Dataset entries:

(* Consider the 2-user broadcast channel over $\mathbb F_3$ with inputs $X_1,X_2\in\mathbb F_3$, in which at each channel use a coefficient $G$ uniform on $\mathbb F_3^\times=\{1,-1\}$ is drawn, independent of the inputs and i.i.d. across channel uses, Rx-1 observes $\overline Y_1=X_1$ and Rx-2 observes $\overline Y_2=(GX_1+X_2,\,G)$. This channel is semi-deterministic, and its sum-capacities with and without NS-assistance are $$C_\Sigma^{\mathrm{NS}}=2\log_2 3,\qquad C_\Sigma=1.5\log_2 3,$$ so that $C_\Sigma^{\mathrm{NS}}/C_\Sigma=4/3$.
   Context: Coding framework: messages $W_1,W_2$ independent and uniform on finite sets $\mathcal M_1,\mathcal M_2$, the transmitter controls $(X_1,X_2)$. Classical scheme: stochastic encoder from messages to the $n$ input symbols and stochastic decoders $\hat W_k=\psi_k(\overline Y_k^{[n]})$. A $\kappa$-partite NS box is a conditional pmf of outputs given inputs (finite output alphabets) such that for every subset of parties the marginal of their outputs depends only on their inputs. NS-assisted scheme: a 3-partite NS box where the transmitter inputs $(W_1,W_2)$ and obtains the channel input sequence as output, and Rx-$k$ inputs $\overline Y_k^{[n]}$ and obtains $\hat W_k$; the joint law is the box distribution times the channel law times $1/(|\mathcal M_1||\mathcal M_2|)$. Rate pairs are achievable if there is a sequence of schemes with vanishing $\max_k\Pr(\hat W_k\ne W_k)$ and $\lim_n\frac1n\log_2|\mathcal M_k^{(n)}|\ge R_k$; capacity region = closure; sum-capacity = max of $R_1+R_2$. *)

theory Defs
  imports "HOL-Analysis.Analysis" "HOL-Library.Numeral_Type"
begin

text \<open>General framework: a 2-user broadcast channel with finite input alphabet 'x,
  output alphabets 'y1 (Rx-1) and 'y2 (Rx-2), given by its joint transition law
  W x (y1,y2).\<close>

definition lists_n :: "nat \<Rightarrow> 'a list set" where
  "lists_n n = {xs. length xs = n}"

definition chan_n :: "('x \<Rightarrow> 'y1 \<times> 'y2 \<Rightarrow> real) \<Rightarrow> 'x list \<Rightarrow> 'y1 list \<Rightarrow> 'y2 list \<Rightarrow> real" where
  "chan_n W xs ys1 ys2 = (\<Prod>i<length xs. W (xs ! i) (ys1 ! i, ys2 ! i))"

definition classical_scheme ::
  "nat \<Rightarrow> nat \<Rightarrow> nat \<Rightarrow> (nat \<Rightarrow> nat \<Rightarrow> 'x list \<Rightarrow> real)
   \<Rightarrow> ('y1 list \<Rightarrow> nat \<Rightarrow> real) \<Rightarrow> ('y2 list \<Rightarrow> nat \<Rightarrow> real) \<Rightarrow> bool" where
  "classical_scheme n m1 m2 E D1 D2 \<longleftrightarrow>
     m1 \<ge> 1 \<and> m2 \<ge> 1 \<and>
     (\<forall>w1<m1. \<forall>w2<m2. (\<forall>xs\<in>lists_n n. E w1 w2 xs \<ge> 0) \<and> (\<Sum>xs\<in>lists_n n. E w1 w2 xs) = 1) \<and>
     (\<forall>ys\<in>lists_n n. (\<forall>w<m1. D1 ys w \<ge> 0) \<and> (\<Sum>w<m1. D1 ys w) = 1) \<and>
     (\<forall>ys\<in>lists_n n. (\<forall>w<m2. D2 ys w \<ge> 0) \<and> (\<Sum>w<m2. D2 ys w) = 1)"

definition classical_err1 ::
  "('x \<Rightarrow> 'y1 \<times> 'y2 \<Rightarrow> real) \<Rightarrow> nat \<Rightarrow> nat \<Rightarrow> nat \<Rightarrow> (nat \<Rightarrow> nat \<Rightarrow> 'x list \<Rightarrow> real)
   \<Rightarrow> ('y1 list \<Rightarrow> nat \<Rightarrow> real) \<Rightarrow> real" where
  "classical_err1 W n m1 m2 E D1 = 1 -
     (\<Sum>w1<m1. \<Sum>w2<m2. \<Sum>xs\<in>lists_n n. \<Sum>ys1\<in>lists_n n. \<Sum>ys2\<in>lists_n n.
        E w1 w2 xs * chan_n W xs ys1 ys2 * D1 ys1 w1) / (real m1 * real m2)"

definition classical_err2 ::
  "('x \<Rightarrow> 'y1 \<times> 'y2 \<Rightarrow> real) \<Rightarrow> nat \<Rightarrow> nat \<Rightarrow> nat \<Rightarrow> (nat \<Rightarrow> nat \<Rightarrow> 'x list \<Rightarrow> real)
   \<Rightarrow> ('y2 list \<Rightarrow> nat \<Rightarrow> real) \<Rightarrow> real" where
  "classical_err2 W n m1 m2 E D2 = 1 -
     (\<Sum>w1<m1. \<Sum>w2<m2. \<Sum>xs\<in>lists_n n. \<Sum>ys1\<in>lists_n n. \<Sum>ys2\<in>lists_n n.
        E w1 w2 xs * chan_n W xs ys1 ys2 * D2 ys2 w2) / (real m1 * real m2)"

text \<open>A 3-partite NS box P w ys1 ys2 xs a b = Pr(Tx outputs xs, Rx-1 outputs a, Rx-2 outputs b
  | Tx input w = (w1,w2), Rx-1 input ys1, Rx-2 input ys2). Non-signaling condition is
  imposed for every nonempty proper subset of the three parties.\<close>
definition ns_box ::
  "nat \<Rightarrow> nat \<Rightarrow> nat \<Rightarrow> (nat \<times> nat \<Rightarrow> 'y1 list \<Rightarrow> 'y2 list \<Rightarrow> 'x list \<Rightarrow> nat \<Rightarrow> nat \<Rightarrow> real) \<Rightarrow> bool" where
  "ns_box n m1 m2 P \<longleftrightarrow>
     m1 \<ge> 1 \<and> m2 \<ge> 1 \<and>
     (\<forall>w\<in>{..<m1} \<times> {..<m2}. \<forall>y1\<in>lists_n n. \<forall>y2\<in>lists_n n.
        (\<forall>x\<in>lists_n n. \<forall>a<m1. \<forall>b<m2. P w y1 y2 x a b \<ge> 0) \<and>
        (\<Sum>x\<in>lists_n n. \<Sum>a<m1. \<Sum>b<m2. P w y1 y2 x a b) = 1) \<and>
     (\<forall>w\<in>{..<m1} \<times> {..<m2}. \<forall>w'\<in>{..<m1} \<times> {..<m2}.
      \<forall>y1\<in>lists_n n. \<forall>y1'\<in>lists_n n. \<forall>y2\<in>lists_n n. \<forall>y2'\<in>lists_n n.
        (\<forall>x\<in>lists_n n. \<forall>a<m1.
            (\<Sum>b<m2. P w y1 y2 x a b) = (\<Sum>b<m2. P w y1 y2' x a b)) \<and>
        (\<forall>x\<in>lists_n n. \<forall>b<m2.
            (\<Sum>a<m1. P w y1 y2 x a b) = (\<Sum>a<m1. P w y1' y2 x a b)) \<and>
        (\<forall>a<m1. \<forall>b<m2.
            (\<Sum>x\<in>lists_n n. P w y1 y2 x a b) = (\<Sum>x\<in>lists_n n. P w' y1 y2 x a b)) \<and>
        (\<forall>x\<in>lists_n n.
            (\<Sum>a<m1. \<Sum>b<m2. P w y1 y2 x a b) = (\<Sum>a<m1. \<Sum>b<m2. P w y1' y2' x a b)) \<and>
        (\<forall>a<m1.
            (\<Sum>x\<in>lists_n n. \<Sum>b<m2. P w y1 y2 x a b) = (\<Sum>x\<in>lists_n n. \<Sum>b<m2. P w' y1 y2' x a b)) \<and>
        (\<forall>b<m2.
            (\<Sum>x\<in>lists_n n. \<Sum>a<m1. P w y1 y2 x a b) = (\<Sum>x\<in>lists_n n. \<Sum>a<m1. P w' y1' y2 x a b)))"

definition ns_err1 ::
  "('x \<Rightarrow> 'y1 \<times> 'y2 \<Rightarrow> real) \<Rightarrow> nat \<Rightarrow> nat \<Rightarrow> nat
   \<Rightarrow> (nat \<times> nat \<Rightarrow> 'y1 list \<Rightarrow> 'y2 list \<Rightarrow> 'x list \<Rightarrow> nat \<Rightarrow> nat \<Rightarrow> real) \<Rightarrow> real" where
  "ns_err1 W n m1 m2 P = 1 -
     (\<Sum>w1<m1. \<Sum>w2<m2. \<Sum>xs\<in>lists_n n. \<Sum>ys1\<in>lists_n n. \<Sum>ys2\<in>lists_n n. \<Sum>b<m2.
        P (w1, w2) ys1 ys2 xs w1 b * chan_n W xs ys1 ys2) / (real m1 * real m2)"

definition ns_err2 ::
  "('x \<Rightarrow> 'y1 \<times> 'y2 \<Rightarrow> real) \<Rightarrow> nat \<Rightarrow> nat \<Rightarrow> nat
   \<Rightarrow> (nat \<times> nat \<Rightarrow> 'y1 list \<Rightarrow> 'y2 list \<Rightarrow> 'x list \<Rightarrow> nat \<Rightarrow> nat \<Rightarrow> real) \<Rightarrow> real" where
  "ns_err2 W n m1 m2 P = 1 -
     (\<Sum>w1<m1. \<Sum>w2<m2. \<Sum>xs\<in>lists_n n. \<Sum>ys1\<in>lists_n n. \<Sum>ys2\<in>lists_n n. \<Sum>a<m1.
        P (w1, w2) ys1 ys2 xs a w2 * chan_n W xs ys1 ys2) / (real m1 * real m2)"

definition rate_ge :: "(nat \<Rightarrow> nat) \<Rightarrow> real \<Rightarrow> bool" where
  "rate_ge m R \<longleftrightarrow> (\<forall>\<epsilon>>0. eventually (\<lambda>n. log 2 (real (m n)) / real n \<ge> R - \<epsilon>) sequentially)"

definition achievable_classical :: "('x \<Rightarrow> 'y1 \<times> 'y2 \<Rightarrow> real) \<Rightarrow> real \<times> real \<Rightarrow> bool" where
  "achievable_classical W R \<longleftrightarrow>
     fst R \<ge> 0 \<and> snd R \<ge> 0 \<and>
     (\<exists>(m1 :: nat \<Rightarrow> nat) (m2 :: nat \<Rightarrow> nat) E D1 D2.
        (\<forall>n. classical_scheme n (m1 n) (m2 n) (E n) (D1 n) (D2 n)) \<and>
        (\<lambda>n. max (classical_err1 W n (m1 n) (m2 n) (E n) (D1 n))
                  (classical_err2 W n (m1 n) (m2 n) (E n) (D2 n))) \<longlonglongrightarrow> 0 \<and>
        rate_ge m1 (fst R) \<and> rate_ge m2 (snd R))"

definition achievable_ns :: "('x \<Rightarrow> 'y1 \<times> 'y2 \<Rightarrow> real) \<Rightarrow> real \<times> real \<Rightarrow> bool" where
  "achievable_ns W R \<longleftrightarrow>
     fst R \<ge> 0 \<and> snd R \<ge> 0 \<and>
     (\<exists>(m1 :: nat \<Rightarrow> nat) (m2 :: nat \<Rightarrow> nat)
        (P :: nat \<Rightarrow> nat \<times> nat \<Rightarrow> 'y1 list \<Rightarrow> 'y2 list \<Rightarrow> 'x list \<Rightarrow> nat \<Rightarrow> nat \<Rightarrow> real).
        (\<forall>n. ns_box n (m1 n) (m2 n) (P n)) \<and>
        (\<lambda>n. max (ns_err1 W n (m1 n) (m2 n) (P n)) (ns_err2 W n (m1 n) (m2 n) (P n))) \<longlonglongrightarrow> 0 \<and>
        rate_ge m1 (fst R) \<and> rate_ge m2 (snd R))"

definition capacity_region :: "('x \<Rightarrow> 'y1 \<times> 'y2 \<Rightarrow> real) \<Rightarrow> (real \<times> real) set" where
  "capacity_region W = closure {R. achievable_classical W R}"

definition capacity_region_ns :: "('x \<Rightarrow> 'y1 \<times> 'y2 \<Rightarrow> real) \<Rightarrow> (real \<times> real) set" where
  "capacity_region_ns W = closure {R. achievable_ns W R}"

(The task):
What lines above contain "lambda"? Copy them out.

(Solved problem):
  "rate_ge m R \<longleftrightarrow> (\<forall>\<epsilon>>0. eventually (\<lambda>n. log 2 (real (m n)) / real n \<ge> R - \<epsilon>) sequentially)"
        (\<lambda>n. max (classical_err1 W n (m1 n) (m2 n) (E n) (D1 n))
        (\<lambda>n. max (ns_err1 W n (m1 n) (m2 n) (P n)) (ns_err2 W n (m1 n) (m2 n) (P n))) \<longlonglongrightarrow> 0 \<and>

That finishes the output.